"Kamu tidak perlu
menjadi siapa-siapa, susah payah bukan menemukan kebebasan untuk menjadi dirimu
sendiri? Lalu kenapa harus begini dan begitu seperti kata si ini dan si itu?
Lakukan apa yang baik, yang tidak merugikan orang lain, lalu yg terakhir tetap
bersyukur. Itu sudah cukup bukan untuk menikmati hidup?" Bisik suara kecil
di kepala gue, ketika gue sedang duduk menghadap ke jendela bis yg berjalan
menuju rawamangun.
Gue sedang hidup di sebuah
dunia yang penuh ke"relatif"an, dimana semua terbagi menjadi dualisme
yg akan terus bertentangan.
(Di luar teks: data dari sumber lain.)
text \<open>The quotient map \<open>q : F_n(X) \<rightarrow> SF_n(X)\<close> semiconjugates \<open>F_n(f)\<close> to \<open>SF_n(f)\<close>, and a
  factor of an F-system is an F-system; this gives (2) \<open>\<Rightarrow>\<close> (3). Conversely, as \<open>X\<close> is Hausdorff,
  the non-singletons form an open set \<open>D\<close> on which \<open>q\<close> is injective and open, and as \<open>X\<close> is
  perfect and \<open>n \<ge> 2\<close>, \<open>D\<close> meets every nonempty open set: each neighbourhood of \<open>{x}\<close>
  contains some \<open>{x, y}\<close>. Pulling open sets and periodic points back through \<open>D\<close> gives
  (3) \<open>\<Rightarrow>\<close> (2). For (2) \<open>\<Rightarrow>\<close> (1) one works with the open sets \<open>\<langle>U\<rangle> = {A. A \<subseteq> U}\<close>: a
  transition from \<open>\<langle>U\<rangle>\<close> into \<open>\<langle>V\<rangle>\<close> moves every point of some finite \<open>A \<subseteq> U\<close> into \<open>V\<close>,
  and a periodic finite set \<open>A \<subseteq> U\<close> is mapped into itself by a power of \<open>f\<close>, hence
  contains a periodic point of \<open>f\<close>.\<close>

definition semiconj_on :: "'a topology \<Rightarrow> ('a \<Rightarrow> 'a) \<Rightarrow> ('a \<Rightarrow> 'b) \<Rightarrow> ('b \<Rightarrow> 'b) \<Rightarrow> bool" where
  "semiconj_on T g q h \<longleftrightarrow> g ` topspace T \<subseteq> topspace T \<and> (\<forall>x\<in>topspace T. h (q x) = q (g x))"

lemma semiconj_on_funpow:
  assumes "semiconj_on T g q h"
  shows "semiconj_on T (g ^^ k) q (h ^^ k)"
proof (induction k)
  case 0
  then show ?case by (simp add: semiconj_on_def)
next
  case (Suc k)
  then show ?case using assms by (auto simp: semiconj_on_def)
qed

lemma dyn_transitiveD:
  assumes "dyn_transitive Z g" "openin Z U" "U \<noteq> {}" "openin Z V" "V \<noteq> {}"
  obtains k x where "k \<ge> 1" "x \<in> U" "(g ^^ k) x \<in> V"
  using assms unfolding dyn_transitive_def by blast

lemma finite_self_map_has_periodic_point:
  assumes "finite A" "p ` A \<subseteq> A" "a \<in> A"
  obtains b d where "b \<in> A" "d \<ge> 1" "(p ^^ d) b = b"
proof -
  have orbit: "(p ^^ j) a \<in> A" for j
    by (induction j) (use assms in auto)
  then have "range (\<lambda>j. (p ^^ j) a) \<subseteq> A" by blast
  then have "finite (range (\<lambda>j. (p ^^ j) a))"
    using assms(1) finite_subset by blast
  then have "\<not> inj (\<lambda>j::nat. (p ^^ j) a)"
    using finite_imageD by blast
  then obtain i j where ij: "i < j" "(p ^^ i) a = (p ^^ j) a"
    unfolding inj_def by (metis linorder_neqE_nat)
  have "(p ^^ (j - i)) ((p ^^ i) a) = (p ^^ (j - i + i)) a"
    by (simp only: funpow_add o_apply)
  also have "\<dots> = (p ^^ i) a"
    using ij by simp
  finally have "(p ^^ (j - i)) ((p ^^ i) a) = (p ^^ i) a" .
  moreover have "j - i \<ge> 1"
    using \<open>i < j\<close> by simp
  ultimately show ?thesis
    using that orbit by blast
qed

lemma F_system_of_powers:
  assumes "\<And>m. m \<ge> 1 \<Longrightarrow> dyn_transitive T (g ^^ m) \<Longrightarrow> dyn_transitive S (h ^^ m)"
    and "T closure_of periodic_points T g = topspace T \<Longrightarrow>
         S closure_of periodic_points S h = topspace S"
    and "F_system T g"
  shows "F_system S h"
  using assms unfolding F_system_def totally_transitive_def by blast

context
  fixes T :: "'a topology" and S :: "'b topology" and q :: "'a \<Rightarrow> 'b"
  assumes q_continuous: "continuous_map T S q" and q_onto: "q ` topspace T = topspace S"
begin

lemma preimage_nonempty:
  assumes "openin S W" "W \<noteq> {}"
  shows "{x \<in> topspace T. q x \<in> W} \<noteq> {}"
proof -
  obtain w where "w \<in> W"
    using assms(2) by blast
  then have "w \<in> q ` topspace T"
    using assms(1) q_onto openin_subset by blast
  then show ?thesis
    using \<open>w \<in> W\<close> by blast
qed

lemma dyn_transitive_factor:
  assumes semiconj: "semiconj_on T g q h" and trans: "dyn_transitive T g"
  shows "dyn_transitive S h"
  unfolding dyn_transitive_def
proof (intro allI impI)
  fix U V
  assume UV: "openin S U \<and> U \<noteq> {} \<and> openin S V \<and> V \<noteq> {}"
  let ?U = "{x \<in> topspace T. q x \<in> U}" and ?V = "{x \<in> topspace T. q x \<in> V}"
  have "openin T ?U" "?U \<noteq> {}" "openin T ?V" "?V \<noteq> {}"
    using UV openin_continuous_map_preimage[OF q_continuous] preimage_nonempty by blast+
  then obtain k x where k: "k \<ge> 1" "x \<in> ?U" "(g ^^ k) x \<in> ?V"
    by (rule dyn_transitiveD[OF trans])
  have "(h ^^ k) (q x) = q ((g ^^ k) x)"
    using semiconj_on_funpow[OF semiconj] k(2) unfolding semiconj_on_def by blast
  then have "(h ^^ k) (q x) \<in> V" "q x \<in> U"
    using k(2,3) by simp_all
  then show "\<exists>k\<ge>1. (h ^^ k) ` U \<inter> V \<noteq> {}"
    using k(1) by blast
qed

lemma periodic_points_factor:
  assumes "semiconj_on T g q h"
  shows "q ` periodic_points T g \<subseteq> periodic_points S h"
proof
  fix y assume "y \<in> q ` periodic_points T g"
  then obtain x k where x: "y = q x" "x \<in> topspace T" "k \<ge> 1" "(g ^^ k) x = x"
    unfolding periodic_points_def by blast
  have "(h ^^ k) (q x) = q ((g ^^ k) x)"
    using semiconj_on_funpow[OF assms] x(2) unfolding semiconj_on_def by blast
  moreover have "q x \<in> topspace S"
    using q_onto x(2) by blast
  ultimately show "y \<in> periodic_points S h"
    using x unfolding periodic_points_def by auto
qed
Ada benar ada salah, ada baik ada buruk, ada cantik
ada jelek, dan semuanya itu relatif. Termasuk penilaian orang tentang sikap,
sifat dan habitus gue, itu juga tetap relatif. Lalu, apa gue juga harus menjadi
terombang-ambing diantara dua neraca relatif itu? Jawabannya mungkin ada di
satu katu yang sedang gue perjuangkan saat ini: "SIKAP"
Sikap dimana gue harus
menentukan jalan gue, menentukan arahnya dan harus lewat mana untuk melewati
jalan itu. Sikap, yaa mungkin bisa juga dibilang pendirian, untuk tetap tegas,
tegas memilih kebebasan untuk menjadi diri gue sendiri, tidak menjadi dia, atau
menjadi mereka. Lalu sikap, untuk memutuskan langkah itu akan gue ambil kapan,
apakah hari ini, besok atau lusa.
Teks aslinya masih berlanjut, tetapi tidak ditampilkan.